- [Task description]:
Copy out each line of the data holding "indexed".

(Records contained in a dataset)
· · ·

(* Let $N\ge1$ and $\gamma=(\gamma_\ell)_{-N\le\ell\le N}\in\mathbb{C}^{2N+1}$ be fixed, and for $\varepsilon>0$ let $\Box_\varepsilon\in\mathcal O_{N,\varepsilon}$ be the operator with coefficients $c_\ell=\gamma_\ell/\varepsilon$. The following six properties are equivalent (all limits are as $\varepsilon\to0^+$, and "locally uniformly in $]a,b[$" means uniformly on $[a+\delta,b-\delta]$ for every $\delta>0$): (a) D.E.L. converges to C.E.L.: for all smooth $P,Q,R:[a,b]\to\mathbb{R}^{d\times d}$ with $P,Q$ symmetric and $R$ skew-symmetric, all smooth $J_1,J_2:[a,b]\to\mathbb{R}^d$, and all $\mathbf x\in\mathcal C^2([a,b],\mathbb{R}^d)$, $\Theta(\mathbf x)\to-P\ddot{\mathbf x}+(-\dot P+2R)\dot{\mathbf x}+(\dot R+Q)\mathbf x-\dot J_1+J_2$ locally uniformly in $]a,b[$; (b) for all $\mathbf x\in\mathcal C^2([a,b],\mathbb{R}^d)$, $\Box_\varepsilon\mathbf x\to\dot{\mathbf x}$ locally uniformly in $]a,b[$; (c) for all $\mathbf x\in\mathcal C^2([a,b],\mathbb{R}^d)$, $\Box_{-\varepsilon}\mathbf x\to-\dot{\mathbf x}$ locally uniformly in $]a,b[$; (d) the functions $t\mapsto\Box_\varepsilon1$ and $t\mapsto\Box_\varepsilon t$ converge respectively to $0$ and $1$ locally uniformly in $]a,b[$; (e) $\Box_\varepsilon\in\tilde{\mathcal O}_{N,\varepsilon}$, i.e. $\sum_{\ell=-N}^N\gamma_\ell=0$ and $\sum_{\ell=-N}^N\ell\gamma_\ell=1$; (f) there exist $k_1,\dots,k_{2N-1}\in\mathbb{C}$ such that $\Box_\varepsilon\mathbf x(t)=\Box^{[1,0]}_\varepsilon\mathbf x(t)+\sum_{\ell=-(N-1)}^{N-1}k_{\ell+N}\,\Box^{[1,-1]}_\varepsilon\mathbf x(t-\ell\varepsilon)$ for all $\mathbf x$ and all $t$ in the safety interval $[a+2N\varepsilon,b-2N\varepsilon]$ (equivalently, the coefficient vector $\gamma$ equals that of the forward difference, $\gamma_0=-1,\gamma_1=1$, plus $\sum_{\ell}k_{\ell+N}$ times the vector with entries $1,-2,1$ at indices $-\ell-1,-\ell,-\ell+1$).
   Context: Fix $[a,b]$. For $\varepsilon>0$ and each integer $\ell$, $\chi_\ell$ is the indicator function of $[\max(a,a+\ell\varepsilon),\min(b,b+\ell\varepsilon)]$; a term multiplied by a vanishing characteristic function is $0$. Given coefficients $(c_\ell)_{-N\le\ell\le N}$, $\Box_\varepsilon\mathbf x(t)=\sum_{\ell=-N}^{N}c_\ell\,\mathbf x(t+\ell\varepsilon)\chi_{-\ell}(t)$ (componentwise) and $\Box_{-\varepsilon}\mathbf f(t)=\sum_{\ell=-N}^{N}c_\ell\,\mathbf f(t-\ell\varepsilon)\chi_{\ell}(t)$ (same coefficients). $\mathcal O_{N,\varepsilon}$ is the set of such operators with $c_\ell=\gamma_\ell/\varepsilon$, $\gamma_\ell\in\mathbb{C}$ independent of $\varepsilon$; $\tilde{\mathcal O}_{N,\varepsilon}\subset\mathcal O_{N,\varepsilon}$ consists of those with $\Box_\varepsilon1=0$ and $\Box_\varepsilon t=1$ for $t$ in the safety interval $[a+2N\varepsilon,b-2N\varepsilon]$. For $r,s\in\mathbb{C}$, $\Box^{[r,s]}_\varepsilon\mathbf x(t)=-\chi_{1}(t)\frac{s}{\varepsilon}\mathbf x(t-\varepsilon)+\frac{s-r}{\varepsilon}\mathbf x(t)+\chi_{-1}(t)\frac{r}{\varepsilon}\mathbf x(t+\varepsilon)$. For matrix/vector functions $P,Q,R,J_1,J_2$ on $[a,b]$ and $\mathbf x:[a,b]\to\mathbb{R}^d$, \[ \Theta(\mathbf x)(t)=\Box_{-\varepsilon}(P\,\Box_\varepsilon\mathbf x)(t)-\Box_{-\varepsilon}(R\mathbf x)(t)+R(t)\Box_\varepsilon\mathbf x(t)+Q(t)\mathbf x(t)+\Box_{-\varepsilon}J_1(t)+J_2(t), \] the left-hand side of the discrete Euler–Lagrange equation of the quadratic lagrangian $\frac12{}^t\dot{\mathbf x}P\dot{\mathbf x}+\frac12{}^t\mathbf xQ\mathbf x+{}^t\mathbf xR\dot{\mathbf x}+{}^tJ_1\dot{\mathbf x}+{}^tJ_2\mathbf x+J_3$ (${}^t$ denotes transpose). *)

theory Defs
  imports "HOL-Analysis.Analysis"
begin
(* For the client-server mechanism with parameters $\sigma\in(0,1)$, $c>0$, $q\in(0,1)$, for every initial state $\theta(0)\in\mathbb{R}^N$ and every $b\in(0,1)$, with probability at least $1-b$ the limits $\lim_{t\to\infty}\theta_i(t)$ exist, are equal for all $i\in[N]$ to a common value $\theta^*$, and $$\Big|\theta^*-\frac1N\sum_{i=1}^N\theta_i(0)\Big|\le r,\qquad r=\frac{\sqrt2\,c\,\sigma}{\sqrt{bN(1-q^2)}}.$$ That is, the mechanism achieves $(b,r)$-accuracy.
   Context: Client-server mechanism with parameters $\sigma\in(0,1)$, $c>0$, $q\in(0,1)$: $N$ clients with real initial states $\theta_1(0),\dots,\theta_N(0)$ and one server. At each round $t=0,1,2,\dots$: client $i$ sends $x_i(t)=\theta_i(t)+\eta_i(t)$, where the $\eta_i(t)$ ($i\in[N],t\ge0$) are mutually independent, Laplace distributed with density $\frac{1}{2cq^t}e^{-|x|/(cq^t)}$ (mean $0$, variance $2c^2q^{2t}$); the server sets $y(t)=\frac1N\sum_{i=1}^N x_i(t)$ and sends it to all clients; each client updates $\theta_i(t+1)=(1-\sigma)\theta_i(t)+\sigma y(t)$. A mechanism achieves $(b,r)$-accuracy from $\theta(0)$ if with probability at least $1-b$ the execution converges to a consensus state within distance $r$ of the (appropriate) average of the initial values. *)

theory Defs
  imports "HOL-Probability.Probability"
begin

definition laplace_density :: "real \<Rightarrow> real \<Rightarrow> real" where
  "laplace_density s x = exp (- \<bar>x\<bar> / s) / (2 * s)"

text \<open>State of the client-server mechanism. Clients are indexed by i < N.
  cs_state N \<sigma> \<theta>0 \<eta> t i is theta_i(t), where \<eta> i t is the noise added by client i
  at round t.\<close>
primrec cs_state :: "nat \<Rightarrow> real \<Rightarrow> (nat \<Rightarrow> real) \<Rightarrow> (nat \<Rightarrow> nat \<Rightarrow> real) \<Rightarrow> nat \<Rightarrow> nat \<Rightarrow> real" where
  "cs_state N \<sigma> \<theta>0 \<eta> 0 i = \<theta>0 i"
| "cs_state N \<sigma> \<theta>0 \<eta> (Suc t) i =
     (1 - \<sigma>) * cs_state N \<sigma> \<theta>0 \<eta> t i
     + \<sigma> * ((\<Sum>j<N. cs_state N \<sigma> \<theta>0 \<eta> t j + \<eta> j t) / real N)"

· · ·

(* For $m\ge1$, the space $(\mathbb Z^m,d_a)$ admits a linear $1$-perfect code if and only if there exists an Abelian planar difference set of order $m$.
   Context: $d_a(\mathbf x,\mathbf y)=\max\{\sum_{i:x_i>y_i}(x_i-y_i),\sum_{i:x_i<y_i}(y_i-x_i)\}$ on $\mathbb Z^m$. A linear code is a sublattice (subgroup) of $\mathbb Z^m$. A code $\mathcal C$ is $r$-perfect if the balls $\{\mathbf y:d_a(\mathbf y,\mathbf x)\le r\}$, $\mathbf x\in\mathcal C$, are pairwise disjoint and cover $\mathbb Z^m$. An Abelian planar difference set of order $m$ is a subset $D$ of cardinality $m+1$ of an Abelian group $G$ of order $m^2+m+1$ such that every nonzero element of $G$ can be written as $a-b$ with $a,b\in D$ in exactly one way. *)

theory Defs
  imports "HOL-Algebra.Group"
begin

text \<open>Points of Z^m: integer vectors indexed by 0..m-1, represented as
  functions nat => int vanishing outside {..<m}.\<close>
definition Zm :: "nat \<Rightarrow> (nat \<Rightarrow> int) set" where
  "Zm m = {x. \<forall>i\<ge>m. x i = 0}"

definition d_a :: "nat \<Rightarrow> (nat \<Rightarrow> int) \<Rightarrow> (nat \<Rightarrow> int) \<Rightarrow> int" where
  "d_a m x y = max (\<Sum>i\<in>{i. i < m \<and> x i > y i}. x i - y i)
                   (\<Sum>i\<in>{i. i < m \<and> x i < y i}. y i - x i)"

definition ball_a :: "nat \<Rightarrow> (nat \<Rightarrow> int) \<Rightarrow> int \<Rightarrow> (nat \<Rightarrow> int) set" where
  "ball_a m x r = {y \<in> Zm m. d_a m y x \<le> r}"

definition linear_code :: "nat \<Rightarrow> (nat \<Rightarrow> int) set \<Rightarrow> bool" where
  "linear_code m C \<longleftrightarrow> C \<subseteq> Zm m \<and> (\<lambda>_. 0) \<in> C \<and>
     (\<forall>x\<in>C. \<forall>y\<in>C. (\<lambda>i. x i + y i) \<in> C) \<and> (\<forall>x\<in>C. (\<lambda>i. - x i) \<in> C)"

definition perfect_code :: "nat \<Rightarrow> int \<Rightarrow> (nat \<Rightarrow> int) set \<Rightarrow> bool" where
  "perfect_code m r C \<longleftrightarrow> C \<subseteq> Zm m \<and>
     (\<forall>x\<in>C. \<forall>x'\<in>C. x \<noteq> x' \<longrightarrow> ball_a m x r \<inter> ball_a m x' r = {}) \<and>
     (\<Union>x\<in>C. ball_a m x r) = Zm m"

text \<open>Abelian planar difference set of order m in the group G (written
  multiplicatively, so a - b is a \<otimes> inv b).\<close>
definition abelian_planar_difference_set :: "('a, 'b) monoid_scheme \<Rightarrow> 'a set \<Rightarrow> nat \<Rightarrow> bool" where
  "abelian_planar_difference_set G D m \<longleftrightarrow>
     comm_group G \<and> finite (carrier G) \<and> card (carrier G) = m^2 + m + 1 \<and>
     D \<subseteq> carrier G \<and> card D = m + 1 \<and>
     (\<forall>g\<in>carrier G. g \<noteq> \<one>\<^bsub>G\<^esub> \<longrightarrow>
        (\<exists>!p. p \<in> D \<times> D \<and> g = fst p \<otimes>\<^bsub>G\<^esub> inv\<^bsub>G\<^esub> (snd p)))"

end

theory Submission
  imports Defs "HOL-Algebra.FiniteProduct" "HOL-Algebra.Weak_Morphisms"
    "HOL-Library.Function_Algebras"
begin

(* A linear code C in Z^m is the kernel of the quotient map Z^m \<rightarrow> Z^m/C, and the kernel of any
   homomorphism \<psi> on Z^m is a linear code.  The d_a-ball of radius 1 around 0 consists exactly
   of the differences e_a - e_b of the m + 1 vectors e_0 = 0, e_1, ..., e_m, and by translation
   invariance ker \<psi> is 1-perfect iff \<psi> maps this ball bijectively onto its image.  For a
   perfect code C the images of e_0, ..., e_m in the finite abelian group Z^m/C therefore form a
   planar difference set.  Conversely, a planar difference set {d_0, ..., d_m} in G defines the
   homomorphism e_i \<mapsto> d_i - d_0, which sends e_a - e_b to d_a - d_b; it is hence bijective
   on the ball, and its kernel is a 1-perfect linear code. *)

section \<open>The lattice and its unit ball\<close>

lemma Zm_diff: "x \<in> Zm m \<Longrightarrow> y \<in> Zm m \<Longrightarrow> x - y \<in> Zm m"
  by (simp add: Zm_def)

· · ·

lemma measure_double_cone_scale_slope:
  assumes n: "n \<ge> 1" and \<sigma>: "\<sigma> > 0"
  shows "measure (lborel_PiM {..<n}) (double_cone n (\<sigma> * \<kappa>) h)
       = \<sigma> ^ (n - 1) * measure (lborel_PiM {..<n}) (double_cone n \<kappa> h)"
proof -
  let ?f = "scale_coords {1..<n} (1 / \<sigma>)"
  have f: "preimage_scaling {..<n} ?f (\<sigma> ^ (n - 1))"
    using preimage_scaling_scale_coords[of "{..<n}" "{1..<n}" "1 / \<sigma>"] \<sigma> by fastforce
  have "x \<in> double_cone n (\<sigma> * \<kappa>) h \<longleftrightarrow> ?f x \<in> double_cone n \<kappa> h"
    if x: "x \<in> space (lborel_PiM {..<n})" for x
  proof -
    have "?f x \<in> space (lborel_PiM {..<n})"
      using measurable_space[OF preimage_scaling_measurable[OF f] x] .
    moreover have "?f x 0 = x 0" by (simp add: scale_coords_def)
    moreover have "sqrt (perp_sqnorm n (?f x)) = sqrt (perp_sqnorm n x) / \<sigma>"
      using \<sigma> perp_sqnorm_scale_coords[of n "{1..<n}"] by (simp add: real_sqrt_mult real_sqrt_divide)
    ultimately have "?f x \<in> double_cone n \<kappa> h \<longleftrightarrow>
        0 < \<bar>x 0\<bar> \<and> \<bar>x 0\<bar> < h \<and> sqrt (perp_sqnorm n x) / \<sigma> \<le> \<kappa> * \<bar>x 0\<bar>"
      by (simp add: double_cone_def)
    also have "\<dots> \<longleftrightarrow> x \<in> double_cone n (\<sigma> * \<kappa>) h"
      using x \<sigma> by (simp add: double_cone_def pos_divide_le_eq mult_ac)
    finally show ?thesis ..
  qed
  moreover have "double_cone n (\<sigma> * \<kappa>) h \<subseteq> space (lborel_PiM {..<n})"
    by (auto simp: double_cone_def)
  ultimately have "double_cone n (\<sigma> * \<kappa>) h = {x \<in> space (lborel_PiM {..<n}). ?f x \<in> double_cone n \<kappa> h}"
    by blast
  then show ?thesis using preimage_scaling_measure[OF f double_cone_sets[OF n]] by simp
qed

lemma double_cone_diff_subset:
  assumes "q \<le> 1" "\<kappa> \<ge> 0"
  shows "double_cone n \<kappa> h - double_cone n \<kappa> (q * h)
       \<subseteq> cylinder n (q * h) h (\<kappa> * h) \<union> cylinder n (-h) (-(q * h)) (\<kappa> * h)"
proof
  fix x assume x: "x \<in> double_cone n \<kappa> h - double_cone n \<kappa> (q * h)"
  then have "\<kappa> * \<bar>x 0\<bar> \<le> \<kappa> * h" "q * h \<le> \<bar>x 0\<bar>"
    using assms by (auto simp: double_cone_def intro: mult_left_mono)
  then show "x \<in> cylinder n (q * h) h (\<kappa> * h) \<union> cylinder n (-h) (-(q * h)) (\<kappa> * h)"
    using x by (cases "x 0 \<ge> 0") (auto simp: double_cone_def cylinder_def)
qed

· · ·

- [Response to the task]:
text \<open>State of the client-server mechanism. Clients are indexed by i < N.
text \<open>Points of Z^m: integer vectors indexed by 0..m-1, represented as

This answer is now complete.